# Activity:
Go through the data and say how many lines include the string "assumes"; return only the figure.

*** Block opens ***

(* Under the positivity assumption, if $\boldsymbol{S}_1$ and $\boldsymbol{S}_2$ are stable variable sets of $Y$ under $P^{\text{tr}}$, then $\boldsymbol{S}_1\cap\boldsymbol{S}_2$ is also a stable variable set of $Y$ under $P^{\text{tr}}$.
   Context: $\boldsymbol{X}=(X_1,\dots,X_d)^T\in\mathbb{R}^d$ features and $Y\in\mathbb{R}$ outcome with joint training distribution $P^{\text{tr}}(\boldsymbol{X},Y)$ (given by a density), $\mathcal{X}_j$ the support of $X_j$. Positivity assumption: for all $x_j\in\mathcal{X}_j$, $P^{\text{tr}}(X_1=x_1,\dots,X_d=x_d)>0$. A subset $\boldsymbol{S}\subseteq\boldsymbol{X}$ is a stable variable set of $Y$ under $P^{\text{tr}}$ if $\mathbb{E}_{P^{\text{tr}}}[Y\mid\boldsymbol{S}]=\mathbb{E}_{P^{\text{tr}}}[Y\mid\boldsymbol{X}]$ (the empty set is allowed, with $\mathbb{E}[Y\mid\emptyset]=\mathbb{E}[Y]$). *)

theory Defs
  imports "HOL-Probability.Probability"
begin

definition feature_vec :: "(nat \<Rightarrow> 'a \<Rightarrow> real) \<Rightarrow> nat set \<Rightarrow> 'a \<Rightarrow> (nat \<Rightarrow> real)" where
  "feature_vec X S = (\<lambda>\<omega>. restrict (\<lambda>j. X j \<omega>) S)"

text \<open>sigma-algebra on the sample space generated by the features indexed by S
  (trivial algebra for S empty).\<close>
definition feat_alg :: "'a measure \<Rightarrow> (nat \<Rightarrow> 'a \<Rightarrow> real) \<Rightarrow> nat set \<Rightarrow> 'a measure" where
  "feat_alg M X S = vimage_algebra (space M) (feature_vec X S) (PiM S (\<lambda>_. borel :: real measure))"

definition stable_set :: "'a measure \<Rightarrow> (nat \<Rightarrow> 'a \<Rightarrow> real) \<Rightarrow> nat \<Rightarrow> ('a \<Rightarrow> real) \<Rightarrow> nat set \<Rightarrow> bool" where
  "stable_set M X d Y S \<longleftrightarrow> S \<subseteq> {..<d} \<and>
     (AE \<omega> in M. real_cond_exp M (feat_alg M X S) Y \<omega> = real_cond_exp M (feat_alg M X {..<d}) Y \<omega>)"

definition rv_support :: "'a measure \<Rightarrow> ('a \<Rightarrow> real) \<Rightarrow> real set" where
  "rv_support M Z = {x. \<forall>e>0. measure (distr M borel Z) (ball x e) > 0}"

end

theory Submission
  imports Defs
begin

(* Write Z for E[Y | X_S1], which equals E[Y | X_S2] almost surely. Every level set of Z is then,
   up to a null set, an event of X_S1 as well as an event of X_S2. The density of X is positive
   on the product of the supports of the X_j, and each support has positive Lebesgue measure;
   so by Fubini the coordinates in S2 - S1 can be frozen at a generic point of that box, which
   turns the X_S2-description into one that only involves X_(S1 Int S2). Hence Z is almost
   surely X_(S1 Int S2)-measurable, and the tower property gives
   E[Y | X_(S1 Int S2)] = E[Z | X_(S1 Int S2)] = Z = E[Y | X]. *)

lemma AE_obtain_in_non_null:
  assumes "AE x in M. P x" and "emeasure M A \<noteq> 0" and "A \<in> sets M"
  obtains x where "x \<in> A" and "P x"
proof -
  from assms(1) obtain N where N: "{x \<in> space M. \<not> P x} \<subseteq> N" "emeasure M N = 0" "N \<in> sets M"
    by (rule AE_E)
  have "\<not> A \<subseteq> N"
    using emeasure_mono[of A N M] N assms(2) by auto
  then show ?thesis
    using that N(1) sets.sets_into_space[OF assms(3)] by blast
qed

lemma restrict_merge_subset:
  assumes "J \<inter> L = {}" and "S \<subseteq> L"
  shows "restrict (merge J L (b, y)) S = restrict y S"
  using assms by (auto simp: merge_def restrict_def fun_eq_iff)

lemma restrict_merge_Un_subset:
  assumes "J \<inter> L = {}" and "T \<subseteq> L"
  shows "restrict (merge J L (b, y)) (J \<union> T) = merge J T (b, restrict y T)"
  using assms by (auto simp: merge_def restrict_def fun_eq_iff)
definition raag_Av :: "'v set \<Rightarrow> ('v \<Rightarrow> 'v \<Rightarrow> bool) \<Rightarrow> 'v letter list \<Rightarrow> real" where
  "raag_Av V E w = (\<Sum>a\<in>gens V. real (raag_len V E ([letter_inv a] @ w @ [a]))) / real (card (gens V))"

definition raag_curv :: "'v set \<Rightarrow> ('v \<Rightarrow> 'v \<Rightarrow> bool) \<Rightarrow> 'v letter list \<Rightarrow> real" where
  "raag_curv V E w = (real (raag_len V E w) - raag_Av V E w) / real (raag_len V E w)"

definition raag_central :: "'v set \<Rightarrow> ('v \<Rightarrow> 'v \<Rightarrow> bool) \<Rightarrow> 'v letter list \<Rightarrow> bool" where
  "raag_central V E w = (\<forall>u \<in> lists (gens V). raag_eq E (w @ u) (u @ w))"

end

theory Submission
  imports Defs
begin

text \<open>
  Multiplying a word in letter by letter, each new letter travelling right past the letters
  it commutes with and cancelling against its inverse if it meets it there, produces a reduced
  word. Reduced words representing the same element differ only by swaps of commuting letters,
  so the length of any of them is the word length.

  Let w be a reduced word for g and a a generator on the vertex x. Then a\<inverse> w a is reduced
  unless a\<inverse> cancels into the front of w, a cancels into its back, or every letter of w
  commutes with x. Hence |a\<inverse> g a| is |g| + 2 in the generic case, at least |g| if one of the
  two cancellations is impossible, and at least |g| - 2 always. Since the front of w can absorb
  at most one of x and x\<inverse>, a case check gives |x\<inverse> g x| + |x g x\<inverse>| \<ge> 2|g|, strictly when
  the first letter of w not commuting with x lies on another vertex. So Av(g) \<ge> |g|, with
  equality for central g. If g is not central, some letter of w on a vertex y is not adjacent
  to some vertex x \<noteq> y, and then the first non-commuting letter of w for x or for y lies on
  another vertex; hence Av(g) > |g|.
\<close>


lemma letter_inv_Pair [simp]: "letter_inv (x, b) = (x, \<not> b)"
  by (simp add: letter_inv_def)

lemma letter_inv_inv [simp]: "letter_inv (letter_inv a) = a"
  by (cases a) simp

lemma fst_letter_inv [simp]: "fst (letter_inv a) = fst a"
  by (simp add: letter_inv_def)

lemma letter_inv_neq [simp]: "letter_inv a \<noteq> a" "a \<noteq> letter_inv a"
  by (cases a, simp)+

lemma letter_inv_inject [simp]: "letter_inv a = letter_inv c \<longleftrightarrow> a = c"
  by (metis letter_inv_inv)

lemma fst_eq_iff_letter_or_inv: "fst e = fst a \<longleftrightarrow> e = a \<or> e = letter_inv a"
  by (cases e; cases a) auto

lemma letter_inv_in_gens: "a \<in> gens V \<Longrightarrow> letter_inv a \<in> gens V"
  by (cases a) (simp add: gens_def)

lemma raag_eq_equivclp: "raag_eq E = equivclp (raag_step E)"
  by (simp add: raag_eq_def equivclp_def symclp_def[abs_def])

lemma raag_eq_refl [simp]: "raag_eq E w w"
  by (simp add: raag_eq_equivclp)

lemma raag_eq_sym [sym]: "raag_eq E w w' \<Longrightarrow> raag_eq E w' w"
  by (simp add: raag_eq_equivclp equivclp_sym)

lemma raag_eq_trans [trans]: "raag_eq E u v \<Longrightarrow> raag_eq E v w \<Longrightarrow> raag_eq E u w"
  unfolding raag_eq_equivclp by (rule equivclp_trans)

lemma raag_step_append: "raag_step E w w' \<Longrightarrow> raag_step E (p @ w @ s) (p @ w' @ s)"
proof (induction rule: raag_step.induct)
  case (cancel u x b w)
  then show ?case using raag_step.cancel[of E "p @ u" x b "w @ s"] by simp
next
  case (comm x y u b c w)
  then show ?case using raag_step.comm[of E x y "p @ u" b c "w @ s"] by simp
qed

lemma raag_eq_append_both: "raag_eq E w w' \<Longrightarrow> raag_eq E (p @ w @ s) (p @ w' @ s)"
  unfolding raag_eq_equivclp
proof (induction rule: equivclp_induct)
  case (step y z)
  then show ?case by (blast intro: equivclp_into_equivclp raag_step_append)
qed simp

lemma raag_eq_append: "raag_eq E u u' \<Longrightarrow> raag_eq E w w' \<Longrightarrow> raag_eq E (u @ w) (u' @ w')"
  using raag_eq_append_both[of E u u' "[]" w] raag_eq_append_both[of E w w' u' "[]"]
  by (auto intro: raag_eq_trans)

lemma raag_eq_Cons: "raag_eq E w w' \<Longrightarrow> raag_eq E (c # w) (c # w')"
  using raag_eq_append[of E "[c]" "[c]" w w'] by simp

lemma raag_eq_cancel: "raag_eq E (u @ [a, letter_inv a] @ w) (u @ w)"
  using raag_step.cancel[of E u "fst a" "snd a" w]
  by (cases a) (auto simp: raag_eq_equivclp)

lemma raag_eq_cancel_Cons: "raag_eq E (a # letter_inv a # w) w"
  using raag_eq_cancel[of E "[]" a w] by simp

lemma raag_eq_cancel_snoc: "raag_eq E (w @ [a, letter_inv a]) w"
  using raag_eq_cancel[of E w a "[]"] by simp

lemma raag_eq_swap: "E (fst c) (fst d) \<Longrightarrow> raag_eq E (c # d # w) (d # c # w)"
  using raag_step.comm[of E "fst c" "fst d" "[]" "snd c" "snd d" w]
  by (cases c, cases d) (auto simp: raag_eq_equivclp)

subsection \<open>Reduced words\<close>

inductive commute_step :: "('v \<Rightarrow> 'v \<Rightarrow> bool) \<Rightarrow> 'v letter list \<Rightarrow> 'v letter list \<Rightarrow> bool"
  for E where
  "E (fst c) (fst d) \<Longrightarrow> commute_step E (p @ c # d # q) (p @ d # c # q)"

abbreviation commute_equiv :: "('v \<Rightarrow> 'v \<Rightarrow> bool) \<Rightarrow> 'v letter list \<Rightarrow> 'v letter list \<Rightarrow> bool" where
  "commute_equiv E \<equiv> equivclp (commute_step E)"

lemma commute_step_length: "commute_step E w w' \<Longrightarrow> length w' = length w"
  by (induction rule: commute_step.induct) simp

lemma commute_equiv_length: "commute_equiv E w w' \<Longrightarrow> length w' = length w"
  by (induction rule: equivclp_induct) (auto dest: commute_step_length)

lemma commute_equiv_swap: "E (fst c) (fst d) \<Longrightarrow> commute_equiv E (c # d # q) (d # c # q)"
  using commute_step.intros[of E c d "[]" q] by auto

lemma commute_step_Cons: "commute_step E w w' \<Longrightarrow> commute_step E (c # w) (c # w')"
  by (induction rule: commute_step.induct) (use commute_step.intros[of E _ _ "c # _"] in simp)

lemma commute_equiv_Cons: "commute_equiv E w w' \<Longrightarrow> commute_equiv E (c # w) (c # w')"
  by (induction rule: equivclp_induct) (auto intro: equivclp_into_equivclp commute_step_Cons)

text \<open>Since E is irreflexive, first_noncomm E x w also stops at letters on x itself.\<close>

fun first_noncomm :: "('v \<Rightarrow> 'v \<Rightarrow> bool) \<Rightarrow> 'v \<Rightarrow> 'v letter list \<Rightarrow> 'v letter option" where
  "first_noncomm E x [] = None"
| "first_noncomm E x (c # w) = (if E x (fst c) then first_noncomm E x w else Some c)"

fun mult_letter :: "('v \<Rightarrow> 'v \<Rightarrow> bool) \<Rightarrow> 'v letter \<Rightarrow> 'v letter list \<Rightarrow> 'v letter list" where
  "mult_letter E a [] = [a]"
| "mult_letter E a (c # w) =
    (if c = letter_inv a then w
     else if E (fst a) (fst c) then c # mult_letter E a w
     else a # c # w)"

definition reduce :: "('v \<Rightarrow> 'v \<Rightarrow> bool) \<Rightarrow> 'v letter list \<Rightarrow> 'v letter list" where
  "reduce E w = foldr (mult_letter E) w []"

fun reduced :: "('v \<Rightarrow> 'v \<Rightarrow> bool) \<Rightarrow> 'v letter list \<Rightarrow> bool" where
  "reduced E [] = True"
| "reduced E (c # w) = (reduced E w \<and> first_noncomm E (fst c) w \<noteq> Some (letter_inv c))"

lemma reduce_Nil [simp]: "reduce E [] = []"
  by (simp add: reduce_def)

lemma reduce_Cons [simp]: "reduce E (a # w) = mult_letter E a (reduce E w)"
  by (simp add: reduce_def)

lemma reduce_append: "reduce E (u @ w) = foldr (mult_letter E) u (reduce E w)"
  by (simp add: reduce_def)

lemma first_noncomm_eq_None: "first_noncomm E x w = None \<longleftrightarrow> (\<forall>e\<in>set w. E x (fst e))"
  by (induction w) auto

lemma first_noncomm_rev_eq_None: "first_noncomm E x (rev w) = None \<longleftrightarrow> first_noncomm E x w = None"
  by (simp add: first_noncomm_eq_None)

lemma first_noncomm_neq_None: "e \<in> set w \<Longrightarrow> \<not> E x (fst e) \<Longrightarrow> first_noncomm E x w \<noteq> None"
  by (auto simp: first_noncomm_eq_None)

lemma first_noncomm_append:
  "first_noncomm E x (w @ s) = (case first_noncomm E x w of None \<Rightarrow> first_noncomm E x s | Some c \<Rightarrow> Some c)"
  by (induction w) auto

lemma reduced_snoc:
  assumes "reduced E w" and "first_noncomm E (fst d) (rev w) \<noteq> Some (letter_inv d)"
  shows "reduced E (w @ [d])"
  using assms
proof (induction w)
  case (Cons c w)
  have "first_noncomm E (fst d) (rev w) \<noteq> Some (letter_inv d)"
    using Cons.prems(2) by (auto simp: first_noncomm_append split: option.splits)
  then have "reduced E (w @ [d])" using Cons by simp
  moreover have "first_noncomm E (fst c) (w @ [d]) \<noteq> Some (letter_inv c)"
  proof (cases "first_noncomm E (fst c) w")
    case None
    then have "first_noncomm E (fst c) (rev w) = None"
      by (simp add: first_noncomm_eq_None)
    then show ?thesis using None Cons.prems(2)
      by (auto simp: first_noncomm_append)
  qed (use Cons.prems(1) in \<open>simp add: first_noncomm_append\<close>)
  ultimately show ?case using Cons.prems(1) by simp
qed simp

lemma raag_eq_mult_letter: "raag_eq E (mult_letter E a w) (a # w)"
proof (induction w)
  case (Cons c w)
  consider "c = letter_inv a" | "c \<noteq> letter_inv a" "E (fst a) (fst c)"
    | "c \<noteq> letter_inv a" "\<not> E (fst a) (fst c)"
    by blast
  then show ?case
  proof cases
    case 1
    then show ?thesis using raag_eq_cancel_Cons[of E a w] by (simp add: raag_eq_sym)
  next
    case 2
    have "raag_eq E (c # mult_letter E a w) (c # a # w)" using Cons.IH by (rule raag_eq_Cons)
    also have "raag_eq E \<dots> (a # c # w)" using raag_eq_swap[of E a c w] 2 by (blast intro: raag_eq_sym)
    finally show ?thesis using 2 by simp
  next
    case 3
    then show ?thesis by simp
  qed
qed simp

*** Block closes ***

# Output of the exercise:
4